Showing posts with label Eddie Campbell. Show all posts
Showing posts with label Eddie Campbell. Show all posts

Friday, December 26, 2025

The Spirit Archives Volume Twenty-Seven!


Following on after DC's long run of The Spirit archive editions, Dark Horse Books in conjunction with longtime Kitchen Sink owner Denis Kitchen put out a twenty-seventh volume in the style of the DC books which gathered together the nine issues of The Spirit - The New Adventures. After many years of trying to talk Eisner into allowing other creators to play with The Spirit's universe, he at last convinced him of the idea in 1998. Some of the best comic men of the time took a dip in those Central City waters. 


The debut issue of The Spirit - The New Adventures features three tales by the super-star team of Alan Moore and Dave Gibbons, who also produced the cover. "The Most Important Meal" features Dr. Cobra who tells his origin story. "Force of Arms" offers up a possible clue to the identity of The Octopus. And the final story "Gossip and Gertrude Granch" tells us what really happened to Dr. Cobra's muscle-bound assistant. These stories all are connected in strange ways with that subtle Moore magic. 

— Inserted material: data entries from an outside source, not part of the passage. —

definition ar_kernel :: "nat \<Rightarrow> nat \<Rightarrow> real \<Rightarrow> nat \<Rightarrow> (nat \<Rightarrow> real vec) \<Rightarrow> nat \<Rightarrow> (nat \<Rightarrow> real vec) \<Rightarrow> real" where
  "ar_kernel d p lam n x n' x' =
    (let XX = hcat (lag_mat d p n x) (lag_mat d p n' x');
         YY = hcat (resp_mat d p n x) (resp_mat d p n' x');
         D = Delta_mat p n n';
         A = XX * D * transpose_mat XX + 1\<^sub>m (p * d)
     in 1 / (det A powr (real d / 2) *
             det (YY * (D - D * transpose_mat XX * minv A * XX * D) * transpose_mat YY + 1\<^sub>m d)
               powr ((1 + lam) / 2)))"

end

theory Submission
  imports Defs
begin

text \<open>
  Sylvester's identity \<open>det (U V + I) = det (V U + I)\<close> moves the first determinant from size
  \<open>pd\<close> to size \<open>N\<close>: \<open>|\<^bold>X\<Delta>\<^bold>X\<^sup>T + I| = |\<^bold>X\<^sup>T\<^bold>X\<Delta> + I|\<close>. The push-through identity shows that the
  Schur complement \<open>M = \<Delta> - \<Delta>\<^bold>X\<^sup>T(\<^bold>X\<Delta>\<^bold>X\<^sup>T + I)\<^sup>-\<^sup>1\<^bold>X\<Delta>\<close> satisfies \<open>M (\<^bold>X\<^sup>T\<^bold>X\<Delta> + I) = \<Delta>\<close>; together
  with Sylvester's identity for the second determinant this gives
  \<open>|\<^bold>X\<Delta>\<^bold>X\<^sup>T + I| \<cdot> |\<^bold>YM\<^bold>Y\<^sup>T + I| = |\<^bold>X\<^sup>T\<^bold>X\<Delta> + \<^bold>Y\<^sup>T\<^bold>Y\<Delta> + I|\<close>. Both determinants of size \<open>N\<close> are
  positive, since \<open>W\<Delta> + I\<close> is nonsingular for every positive semidefinite \<open>W\<close> and positive
  diagonal \<open>\<Delta>\<close>, so the kernel formula follows by arithmetic with real powers.
\<close>

lemma det_mult_add_one_commute:
  fixes U V :: "'a :: idom mat"
  assumes U: "U \<in> carrier_mat m n" and V: "V \<in> carrier_mat n m"
  shows "det (U * V + 1\<^sub>m m) = det (V * U + 1\<^sub>m n)"
proof -
  define M where "M = four_block_mat (1\<^sub>m m) (-U) V (1\<^sub>m n)"
  have UV: "U * V \<in> carrier_mat m m" and VU: "V * U \<in> carrier_mat n n"
    using U V by auto
  have "four_block_mat (1\<^sub>m m) (0\<^sub>m m n) V (1\<^sub>m n) * four_block_mat (1\<^sub>m m) (-U) (0\<^sub>m n m) (V * U + 1\<^sub>m n)
      = M"
    unfolding M_def using U V VU
    by (subst mult_four_block_mat[of _ m m _ n _ n]) (auto intro!: arg_cong4[where f = four_block_mat])
  then have "det M = det (V * U + 1\<^sub>m n)"
    using U V VU
    by (auto simp: det_mult[of _ "m + n"] det_four_block_mat_upper_right_zero[of _ m _ n]
        det_four_block_mat_lower_left_zero[of _ m _ n])
  moreover have "four_block_mat (1\<^sub>m m) (-U) (0\<^sub>m n m) (1\<^sub>m n) * four_block_mat (U * V + 1\<^sub>m m) (0\<^sub>m m n) V (1\<^sub>m n)
      = M"
    unfolding M_def using U V UV
    by (subst mult_four_block_mat[of _ m m _ n _ n]) (auto intro!: arg_cong4[where f = four_block_mat])
  then have "det M = det (U * V + 1\<^sub>m m)"
    using U V UV
    by (auto simp: det_mult[of _ "m + n"] det_four_block_mat_upper_right_zero[of _ m _ n]
        det_four_block_mat_lower_left_zero[of _ m _ n])
  ultimately show ?thesis by simp
qed
lemma compact_return_cover: "compact (return_cover a d \<delta>)"
  unfolding return_cover_def by (intro compact_UN) auto

lemma measure_return_cover_le:
  assumes "0 \<le> \<delta>"
  shows "measure lborel (return_cover a d \<delta>) \<le> \<delta>^2"
proof -
  let ?P = "nat \<lfloor>2^d * \<delta>\<rfloor>"
  let ?I = "\<lambda>m p. {(m + p / 2^d) / 2^a .. (m + (p + \<delta>) / 2^d) / 2^a :: real}"
  have measure_I: "measure lborel (?I m p) = \<delta> / 2^d / 2^a" for m p :: nat
    using assms by (simp add: divide_simps)
  have "measure lborel (return_cover a d \<delta>) \<le> (\<Sum>m<(2::nat)^a. measure lborel (\<Union>p\<in>{1..?P}. ?I m p))"
    unfolding return_cover_def by (rule measure_UNION_le) (auto intro!: sets.finite_UN)
  also have "\<dots> \<le> (\<Sum>m<(2::nat)^a. \<Sum>p\<in>{1..?P}. measure lborel (?I m p))"
    by (intro sum_mono measure_UNION_le) auto
  also have "\<dots> = ?P * \<delta> / 2^d" by (simp only: measure_I) simp
  also have "\<dots> \<le> (2^d * \<delta>) * \<delta> / 2^d"
    using assms by (intro divide_right_mono mult_right_mono) auto
  also have "\<dots> = \<delta>^2" by (simp add: power2_eq_square)
  finally show ?thesis .
qed

lemma mem_return_cover:
  fixes x \<delta> :: real
  assumes x: "0 \<le> x" "x < 1"
    and small: "frac (2^a * x) \<le> \<delta>" "frac (2^(a+d) * x) \<le> \<delta>"
    and not_double: "frac (2^(a+d) * x) \<noteq> 2^d * frac (2^a * x)"
  shows "x \<in> return_cover a d \<delta>"
proof -
  define m where "m = \<lfloor>2^a * x\<rfloor>"
  define z where "z = 2^d * frac (2^a * x)"
  define p where "p = \<lfloor>z\<rfloor>"
  have "0 \<le> m" "m < 2^a" using x by (auto simp: m_def floor_less_iff)
  have "0 \<le> z" "z \<le> 2^d * \<delta>" using small(1) by (auto simp: z_def)
  have x_eq: "x = (m + z / 2^d) / 2^a" by (simp add: m_def z_def frac_def field_simps)
  have "2^(a+d) * x = z + of_int (2^d * m)" by (simp add: x_eq power_add field_simps)
  then have frac_z: "frac (2^(a+d) * x) = frac z" by (metis frac_add_of_int_right)
  have "p \<noteq> 0"
  proof
    assume "p = 0"
    then have "frac z = z" by (simp add: frac_def p_def)
    then show False using not_double frac_z by (simp add: z_def)
  qed
  moreover have "0 \<le> p" using \<open>0 \<le> z\<close> by (simp add: p_def)
  ultimately have "1 \<le> p" by simp
  have "p \<le> \<lfloor>2^d * \<delta>\<rfloor>" unfolding p_def using \<open>z \<le> 2^d * \<delta>\<close> by (rule floor_mono)
  have "p \<le> z" "z \<le> p + \<delta>" using small(2) frac_z by (auto simp: p_def frac_def)
  then have "x \<in> {(m + p / 2^d) / 2^a .. (m + (p + \<delta>) / 2^d) / 2^a}"
    unfolding x_eq by (auto intro!: divide_right_mono)
  moreover have "nat m < 2^a"
    using \<open>0 \<le> m\<close> \<open>m < 2^a\<close> by (metis nat_less_iff of_nat_numeral of_nat_power)
  moreover have "nat p \<in> {1..nat \<lfloor>2^d * \<delta>\<rfloor>}" using \<open>1 \<le> p\<close> \<open>p \<le> \<lfloor>2^d * \<delta>\<rfloor>\<close> by auto
  ultimately show ?thesis
    unfolding return_cover_def using \<open>0 \<le> m\<close> \<open>1 \<le> p\<close>
    by (intro UN_I[of "nat m"] UN_I[of "nat p"]) auto
qed

definition exceptional_set :: "nat \<Rightarrow> real set" where
  "exceptional_set K = (\<Union>a<(2::nat)^(K+1). \<Union>d<(2::nat)^(K+1). return_cover a d (1 / tn (2^K)))"

lemma tn_power_of_two: "tn (2^K) = 2^K * (real K * ln 2) powr (3/4)"
  unfolding tn_def by (simp add: ln_realpow)

lemma tn_pos: "1 < n \<Longrightarrow> 0 < tn n"
  unfolding tn_def by simp

lemma tn_mono: "1 \<le> m \<Longrightarrow> m \<le> n \<Longrightarrow> tn m \<le> tn n"
  unfolding tn_def by (intro mult_mono powr_mono2) auto

lemma exceptional_set_sets [measurable]: "exceptional_set K \<in> sets borel"
  unfolding exceptional_set_def by (intro sets.finite_UN) auto

lemma emeasure_exceptional_set_finite: "emeasure lborel (exceptional_set K) < \<infinity>"
  unfolding exceptional_set_def
  by (intro emeasure_bounded_finite compact_imp_bounded compact_UN compact_return_cover) auto
(* Under the hypotheses of Proposition 5.1 (namely: $X$ a real separable Hilbert space, $F:X\to X$ monotone and hemicontinuous, $F(x^\dagger)=y$, $\bar x\in X$, $F$ Fréchet differentiable on $\mathcal B_r(x^\dagger)$ with $r>\|x^\dagger-\bar x\|$ and $x\mapsto F'(x)$ continuous there, the nonlinearity condition $(F'(\tilde x)-F'(x))v=F'(x)g(\tilde x,x,v)$ with $\|g(\tilde x,x,v)\|\le k_0\|\tilde x-x\|\|v\|$ for all $\tilde x,x\in\mathcal B_r(x^\dagger)$, $v\in X$, and $k_0\|x^\dagger-\bar x\|<2$), if moreover $x^\dagger-\bar x\perp\mathcal N(F'(x^\dagger))$, then $\lim_{\alpha\to0}\|x_\alpha-x^\dagger\|=0$, where $x_\alpha$ solves $F(x_\alpha)+\alpha(x_\alpha-\bar x)=y$.
   Context: Monotone: $\langle F(x)-F(\tilde x),x-\tilde x\rangle\ge0$; hemicontinuous: $t\mapsto\langle F(x+tv),z\rangle$ continuous on $[0,1]$. $\mathcal N(\cdot)$ denotes the null space; $\mathcal B_r(x^\dagger)$ the closed ball of radius $r$ around $x^\dagger$. *)

theory Defs
  imports "HOL-Analysis.Analysis"
begin

definition monotone_op :: "('a::real_inner \<Rightarrow> 'a) \<Rightarrow> bool" where
  "monotone_op F \<longleftrightarrow> (\<forall>x x'. inner (F x - F x') (x - x') \<ge> 0)"

definition hemicontinuous :: "('a::real_inner \<Rightarrow> 'a) \<Rightarrow> bool" where
  "hemicontinuous F \<longleftrightarrow>
     (\<forall>x v z. continuous_on {0..1} (\<lambda>t::real. inner (F (x + t *\<^sub>R v)) z))"

end

theory Submission
  imports Defs
begin

text \<open>
  Write e = x_alpha - x_dag and p = x_dag - x_bar. Monotonicity of F, tested at x_alpha and x_dag,
  gives |e|^2 <= -<p, e>, in particular |e| <= |p|. If p were a source element F'(x_dag)^* w,
  integrating the nonlinearity condition along the segment from x_dag to x_alpha would bound
  -<p, e> by O(alpha) plus k0 |p| |e|^2 / 2, and k0 |p| < 2 lets the left-hand side absorb the
  last term. In general p is orthogonal to the null space of F'(x_dag) only, which in a Hilbert
  space places it in the closure of the range of the adjoint; approximating p by source elements
  v makes the remaining error term |p - v| |p| as small as we like.
\<close>

subsection \<open>Orthogonal projection and the Riesz representation\<close>

lemma parallelogram_law:
  fixes x y :: "'a::real_inner"
  shows "norm (x + y)^2 + norm (x - y)^2 = 2 * norm x ^ 2 + 2 * norm y ^ 2"
  by (simp add: power2_norm_eq_inner inner_simps algebra_simps)
definition darboux :: "real \<Rightarrow> real \<Rightarrow> real \<Rightarrow> mpoly3 \<Rightarrow> mpoly3 \<Rightarrow> bool" where
  "darboux a b c f K \<longleftrightarrow> f \<noteq> 0 \<and> tdeg3 K \<le> 2 \<and> Xfield a b c f = K * f"

end

theory Submission
  imports Defs
begin

text \<open>Let \<open>f(i,j,k)\<close> be the coefficient of \<open>x^i y^j z^k\<close> in \<open>f\<close>. Comparing coefficients in
  \<open>X f = K f\<close> gives a linear recurrence among the \<open>f(i,j,k)\<close>. As \<open>f\<close> is irreducible of degree
  greater than one, none of \<open>x, y, z\<close> divides \<open>f\<close>, so \<open>f\<close> has terms free of \<open>x\<close>, of \<open>y\<close> and
  of \<open>z\<close>. The recurrence taken just beyond an extremal such term (largest \<open>k\<close> or \<open>j\<close> among
  the \<open>x\<close>-free terms, largest \<open>i\<close> among the \<open>z\<close>-free ones) gives \<open>\<alpha>3 = \<alpha>2 = N4 = 0\<close>.
  On the face of the support where \<open>i + 2j\<close> is maximal the recurrence reduces to
  \<open>i f(i,j,k) = a k f(i-2,j+1,k)\<close>, which leaves the single term \<open>y^q\<close> there. This term gives
  \<open>\<alpha>0 = -q\<close>, and \<open>N6 \<noteq> 0\<close> would propagate a nonzero coefficient along the line
  \<open>i + 2j = 2q + 1\<close>, \<open>k = 1\<close> down to \<open>j < 0\<close>. Among the \<open>y\<close>-free terms, the largest \<open>k\<close>
  gives \<open>\<alpha>1 = 0\<close> and the largest \<open>i + k\<close> a term \<open>x^n\<close> with \<open>\<alpha>0 = n\<close>, whence
  \<open>n = q = 0\<close>.\<close>

text \<open>Integer indices, with coefficient \<open>0\<close> outside the first octant, so that recurrences
  may shift indices without truncated subtraction.\<close>

definition icoeff3 :: "mpoly3 \<Rightarrow> int \<Rightarrow> int \<Rightarrow> int \<Rightarrow> complex" where
  "icoeff3 f i j k =
     (if 0 \<le> i \<and> 0 \<le> j \<and> 0 \<le> k then coeff3 f (nat i) (nat j) (nat k) else 0)"
lemma sum_valid_com_by_length:
  fixes h :: "nat \<Rightarrow> real"
  shows "(\<Sum>y | valid_com r y. h (length y)) = (\<Sum>l = 1..r. real (fact l * (r choose l)) * h l)"
proof -
  have "(\<Sum>y | valid_com r y. h (length y))
        = (\<Sum>l = 1..r. \<Sum>y \<in> {y. valid_com r y \<and> length y = l}. h l)"
    by (subst sum.group[symmetric, where g = length and T = "{1..r}"])
       (auto simp: finite_valid_com dest!: valid_com_length intro!: sum.cong)
  also have "\<dots> = (\<Sum>l = 1..r. real (fact l * (r choose l)) * h l)"
  proof (rule sum.cong[OF refl])
    fix l assume l: "l \<in> {1..r}"
    then have "{y. valid_com r y \<and> length y = l}
               = {xs. length xs = l \<and> distinct xs \<and> set xs \<subseteq> {1..r}}"
      by (auto simp: valid_com_def)
    with l card_distinct_lists_length[of l r]
    show "(\<Sum>y \<in> {y. valid_com r y \<and> length y = l}. h l) = real (fact l * (r choose l)) * h l"
      by simp
  qed
  finally show ?thesis .
qed

text \<open>The number l of kept clauses is binomially distributed with parameters r and 1 - pd, and
  the kept clauses are shuffled into one of l! equally likely orders.\<close>

definition com_prob :: "nat \<Rightarrow> real \<Rightarrow> nat list \<Rightarrow> real" where
  "com_prob r pd y = pd ^ (r - length y) * (1 - pd) ^ length y / fact (length y)"

lemma sum_com_prob: "(\<Sum>y | valid_com r y. com_prob r pd y) = 1 - pd ^ r"
proof -
  have "(\<Sum>y | valid_com r y. com_prob r pd y)
        = (\<Sum>l = 1..r. real (fact l * (r choose l)) * (pd ^ (r - l) * (1 - pd) ^ l / fact l))"
    unfolding com_prob_def by (rule sum_valid_com_by_length)
  also have "\<dots> = (\<Sum>l = 1..r. real (r choose l) * (1 - pd) ^ l * pd ^ (r - l))"
    by (rule sum.cong) (auto simp: field_simps)
  also have "\<dots> = (\<Sum>l\<le>r. real (r choose l) * (1 - pd) ^ l * pd ^ (r - l)) - pd ^ r"
    by (simp add: atMost_atLeast0 sum.atLeast_Suc_atMost)
  also have "\<dots> = ((1 - pd) + pd) ^ r - pd ^ r"
    using binomial_ring[of "1 - pd" pd r] by simp
  finally show ?thesis
    by simp
qed

lemma sum_length_com_prob:
  "(\<Sum>y | valid_com r y. real (length y) * com_prob r pd y) = real r * (1 - pd)"
proof (cases r)
  case 0
  then have "{y. valid_com r y} = {}"
    by (auto simp: valid_com_def)
  with 0 show ?thesis
    by simp
next
  case (Suc r')
  have "(\<Sum>y | valid_com r y. real (length y) * com_prob r pd y)
        = (\<Sum>l = 1..r. real (fact l * (r choose l)) * (real l * (pd ^ (r - l) * (1 - pd) ^ l / fact l)))"
    unfolding com_prob_def by (rule sum_valid_com_by_length)
  also have "\<dots> = (\<Sum>l = Suc 0..Suc r'. real (l * (Suc r' choose l)) * (1 - pd) ^ l * pd ^ (Suc r' - l))"
    unfolding Suc by (rule sum.cong) (auto simp: field_simps)
  also have "\<dots> = (\<Sum>k = 0..r'. real (Suc k * (Suc r' choose Suc k)) * (1 - pd) ^ Suc k * pd ^ (r' - k))"
    by (subst sum.shift_bounds_cl_Suc_ivl) simp
  also have "\<dots> = (\<Sum>k = 0..r'. real (Suc r') * (1 - pd) * (real (r' choose k) * (1 - pd) ^ k * pd ^ (r' - k)))"
    by (rule sum.cong[OF refl], subst Suc_times_binomial) (simp add: algebra_simps)
  also have "\<dots> = real (Suc r') * (1 - pd) * ((1 - pd) + pd) ^ r'"
    using binomial_ring[of "1 - pd" pd r'] by (simp add: atMost_atLeast0 flip: sum_distrib_left)
  finally show ?thesis
    using Suc by simp
qed

subsection \<open>An explicit potential for excursions\<close>

lemma pop_word_Word_length: "pop_word w = Word w' \<Longrightarrow> length w' \<le> length w \<and> w' \<noteq> w"
  by (induction w arbitrary: w' rule: pop_word.induct) (auto split: sel.splits)

lemma pop_word_Partial_length: "pop_word w = Partial w' x \<Longrightarrow> length w' < length w"
  by (induction w arbitrary: w' x rule: pop_word.induct) (auto split: sel.splits)

lemma pop_word_neq [simp]:
  "Partial w x \<noteq> pop_word w" "pop_word w \<noteq> Partial w x"
  "Word ((x', y) # w) \<noteq> pop_word w" "pop_word w \<noteq> Word ((x', y) # w)"
  "Word (v @ w) \<noteq> pop_word w" "Partial (v @ w) x \<noteq> pop_word w"
  using pop_word_Word_length[of w "(x', y) # w"] pop_word_Partial_length[of w w x]
    pop_word_Word_length[of w "v @ w"] pop_word_Partial_length[of w "v @ w" x]
  by auto

definition pushed :: "(sel \<times> nat list) list \<Rightarrow> bool" where
  "pushed v \<longleftrightarrow> (\<forall>(x, y) \<in> set v. (x = SHT \<or> x = SHTNil) \<and> y \<noteq> [])"

lemma pushed_Nil [simp]: "pushed []"
  by (simp add: pushed_def)

lemma pushed_Cons [simp]: "pushed ((x, y) # v) \<longleftrightarrow> (x = SHT \<or> x = SHTNil) \<and> y \<noteq> [] \<and> pushed v"
  by (auto simp: pushed_def)

text \<open>Expected remaining times, given that a sub-tree takes time m on average: a pushed pair
  (x, y) still owes |y| - 1 sibling sub-trees, plus one step for the [] branch of [H|T][]; a
  partial state w.x owes the remaining branches of x, each [H|T] branch spawning r(1 - pd)
  sub-trees on average.\<close>

fun pending_time :: "real \<Rightarrow> (sel \<times> nat list) list \<Rightarrow> real" where
  "pending_time m [] = 0"
| "pending_time m ((x, y) # v) =
     (real (length y) - 1) * m + (if x = SHTNil then 1 else 0) + pending_time m v"

definition partial_time :: "nat \<Rightarrow> real \<Rightarrow> real \<Rightarrow> sel \<Rightarrow> real" where
  "partial_time r pd m x = (case x of
       SNil \<Rightarrow> 1
     | SHT \<Rightarrow> 1 + r * (1 - pd) * m
     | SHTNil \<Rightarrow> 2 + r * (1 - pd) * m
     | SNilHT \<Rightarrow> 2 + r * (1 - pd) * m)"

text \<open>Words are stored reversed, so v @ u is u extended by the pairs of v.\<close>

definition excursion_states :: "(sel \<times> nat list) list \<Rightarrow> state set" where
  "excursion_states u =
     insert (pop_word u) ({Word (v @ u) | v. pushed v} \<union> {Partial (v @ u) x | v x. pushed v})"

definition excursion_potential :: "nat \<Rightarrow> real \<Rightarrow> real \<Rightarrow> (sel \<times> nat list) list \<Rightarrow> state \<Rightarrow> real" where
  "excursion_potential r pd m u a = (if a = pop_word u then 0 else
     (case a of
        Word w \<Rightarrow> m + pending_time m (take (length w - length u) w)
      | Partial w x \<Rightarrow> partial_time r pd m x + pending_time m (take (length w - length u) w)
      | Bot \<Rightarrow> 0))"

lemma excursion_potential_Word: "excursion_potential r pd m u (Word (v @ u)) = m + pending_time m v"
  by (simp add: excursion_potential_def)

lemma excursion_potential_Partial:
  "excursion_potential r pd m u (Partial (v @ u) x) = partial_time r pd m x + pending_time m v"
  by (simp add: excursion_potential_def)

lemma pending_time_nonneg: "pushed v \<Longrightarrow> 0 \<le> m \<Longrightarrow> 0 \<le> pending_time m v"
proof (induction v)
  case (Cons p v)
  then obtain x y where "p = (x, y)" "y \<noteq> []" "pushed v"
    by (cases p) auto
  with Cons show ?case
    by (cases y) auto
qed simp

lemma partial_time_bounds:
  assumes "0 \<le> pd" "pd \<le> 1" "0 \<le> m"
  shows "1 \<le> partial_time r pd m x \<and> partial_time r pd m x \<le> 2 + r * m"
proof -
  have "r * (1 - pd) * m \<le> r * m"
    using assms by (intro mult_right_mono) (auto simp: mult_left_le)
  moreover have "0 \<le> r * (1 - pd) * m"
    using assms by simp
  ultimately show ?thesis
    by (cases x) (auto simp: partial_time_def)
qed

lemma Word_in_excursion_states: "pushed v \<Longrightarrow> Word (v @ u) \<in> excursion_states u"
  by (auto simp: excursion_states_def)

lemma Partial_in_excursion_states: "pushed v \<Longrightarrow> Partial (v @ u) x \<in> excursion_states u"
  by (auto simp: excursion_states_def)

lemma pop_word_pushed:
  assumes "pushed v"
  shows "pop_word (v @ u) \<in> excursion_states u
    \<and> excursion_potential r pd m u (pop_word (v @ u)) = pending_time m v"
  using assms
proof (induction v)
  case Nil
  then show ?case
    by (simp add: excursion_states_def excursion_potential_def)
next
  case (Cons p v)
  then obtain x y1 ys where p: "p = (x, y1 # ys)" and x: "x = SHT \<or> x = SHTNil" and "pushed v"
    by (cases p; metis neq_Nil_conv pushed_Cons)
  show ?case
  proof (cases ys)
    case Nil
    with Cons.IH \<open>pushed v\<close> x show ?thesis
      by (auto simp: p excursion_potential_Partial partial_time_def Partial_in_excursion_states)
  next
    case (Cons y2 zs)
    with \<open>pushed v\<close> x have "pushed ((x, y2 # zs) # v)"
      by simp
    from Word_in_excursion_states[OF this] show ?thesis
      by (simp add: p Cons excursion_potential_Word[of _ _ _ _ "(x, y2 # zs) # v", simplified]
          algebra_simps)
  qed
qed

lemma poisson_at_Word:
  fixes m :: real
  assumes "0 \<le> pd" "pd \<le> 1" "0 \<le> m" and fixpoint: "m = 1 + 2 * (1 - pd) + r * (1 - pd)\<^sup>2 * m"
    and "pushed v"
  shows "poisson_at (K r pd) (excursion_states u) (excursion_potential r pd m u)
           ((real r + 1) * m + 2) (Word (v @ u))"
proof -
  define w where "w = v @ u"
  define A where "A = {Partial w SHTNil, Partial w SNilHT, Partial w SNil, Partial w SHT, pop_word w}"
  define C where "C = pending_time m v"
  define B where "B = (real r + 1) * m + 2"
  let ?G = "excursion_potential r pd m u"
  have pop: "pop_word w \<in> excursion_states u" "?G (pop_word w) = C"
    using pop_word_pushed[OF \<open>pushed v\<close>] by (simp_all add: w_def C_def)
  have partial: "?G (Partial w x) = partial_time r pd m x + C" for x
    by (simp add: w_def C_def excursion_potential_Partial)
  have word: "?G (Word w) = m + C"
    by (simp add: w_def C_def excursion_potential_Word)
  have partial_band: "C \<le> ?G (Partial w x) \<and> ?G (Partial w x) \<le> C + B" for x
    using partial_time_bounds[OF assms(1-3), of r x] \<open>0 \<le> m\<close> by (simp add: partial B_def algebra_simps)
  have "0 \<le> B"
    using \<open>0 \<le> m\<close> by (simp add: B_def)
  have word_band: "C \<le> ?G (Word w) \<and> ?G (Word w) \<le> C + B"
    using \<open>0 \<le> m\<close> by (simp add: word B_def algebra_simps)
  show ?thesis
    unfolding w_def[symmetric] B_def[symmetric]
  proof (rule poisson_at_K[where A = A and C = C])
    show "finite A" "A \<subseteq> excursion_states u"
      using pop Partial_in_excursion_states[OF \<open>pushed v\<close>] by (auto simp: A_def w_def)
    show "z \<in> A" if "trans_prob r pd (Word w) z \<noteq> 0" for z
      using that by (auto simp: A_def split: if_splits)
    show "(\<Sum>z\<in>A. trans_prob r pd (Word w) z) = 1"
      by (simp add: A_def power2_eq_square algebra_simps)
    have "(\<Sum>z\<in>A. trans_prob r pd (Word w) z * ?G z) = C + 2 * (1 - pd) + r * (1 - pd)\<^sup>2 * m"
      by (simp add: A_def pop partial partial_time_def power2_eq_square algebra_simps)
    then show "(\<Sum>z\<in>A. trans_prob r pd (Word w) z * ?G z) = ?G (Word w) - 1"
      using fixpoint by (simp add: word)
    show "C \<le> ?G z \<and> ?G z \<le> C + B" if "z \<in> insert (Word w) A" for z
      using that \<open>0 \<le> B\<close> by (auto simp: A_def pop word_band partial_band)
  qed fact+
qed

The second issue offers up a cover by Will Eisner Mark Shultz. Under it is "The Return of Mink Stole" by Neil Gaiman and artist Eddie Campbell and combines a Spirit story with one torn from the realm of Quentin Tarrantino which propels a timid writer into a shady story of theft and more. "Sunday in the Part with St. George" by Jim Vance and artist Dan Burr has The Spirit race to the aid of a woman dangling from a flagpole where he meets an old enemy. "The Sphinx the Jinx in the Game of Life" by John Wagner and artist Carlos Ezquerra features a hapless chap just released from jail but doomed by fate to return. 


The third issue features a striking cover by Brian Bolland. The first story "Last Night I Dreamed of Dr. Cobra" by writer Alan Moore and artist Daniel Torres is a strange affair set in a distant future in which Central City is the site of an archeological endeavor and in which strange discoveries are made. "Ellen's Stalker" by Mark Kneece and artist Bo Hampton features Ellen Dolan when she is at first saved then pursued by a man who imitates the look of The Spirit. 


The fourth issue sports another new cover by Will Eisner, this time with the assistance of William Stout. "The Samovar of Shooshnipoor" was written by Kurt Busiek and drawn by his partner on Astro City Brent Anderson. It features Sand Saref in a tale in which she tries yet again to manipulate The Spirit in a bid to gain riches. This issue also has a pin-up by Moebius of The Spirit looking a lot like Humphrey Bogart. "The Weapon by Michael Allred, Matt Brundage and Michael Avon Oeming has The Spirit fighting Nazis and their robot allies on the docks of Central City. "Dr. Broca Von Bitelman" by Mark Schultz and artist David Lloyd features Satin and a mad doctor and his deadly "Super-Beetles". 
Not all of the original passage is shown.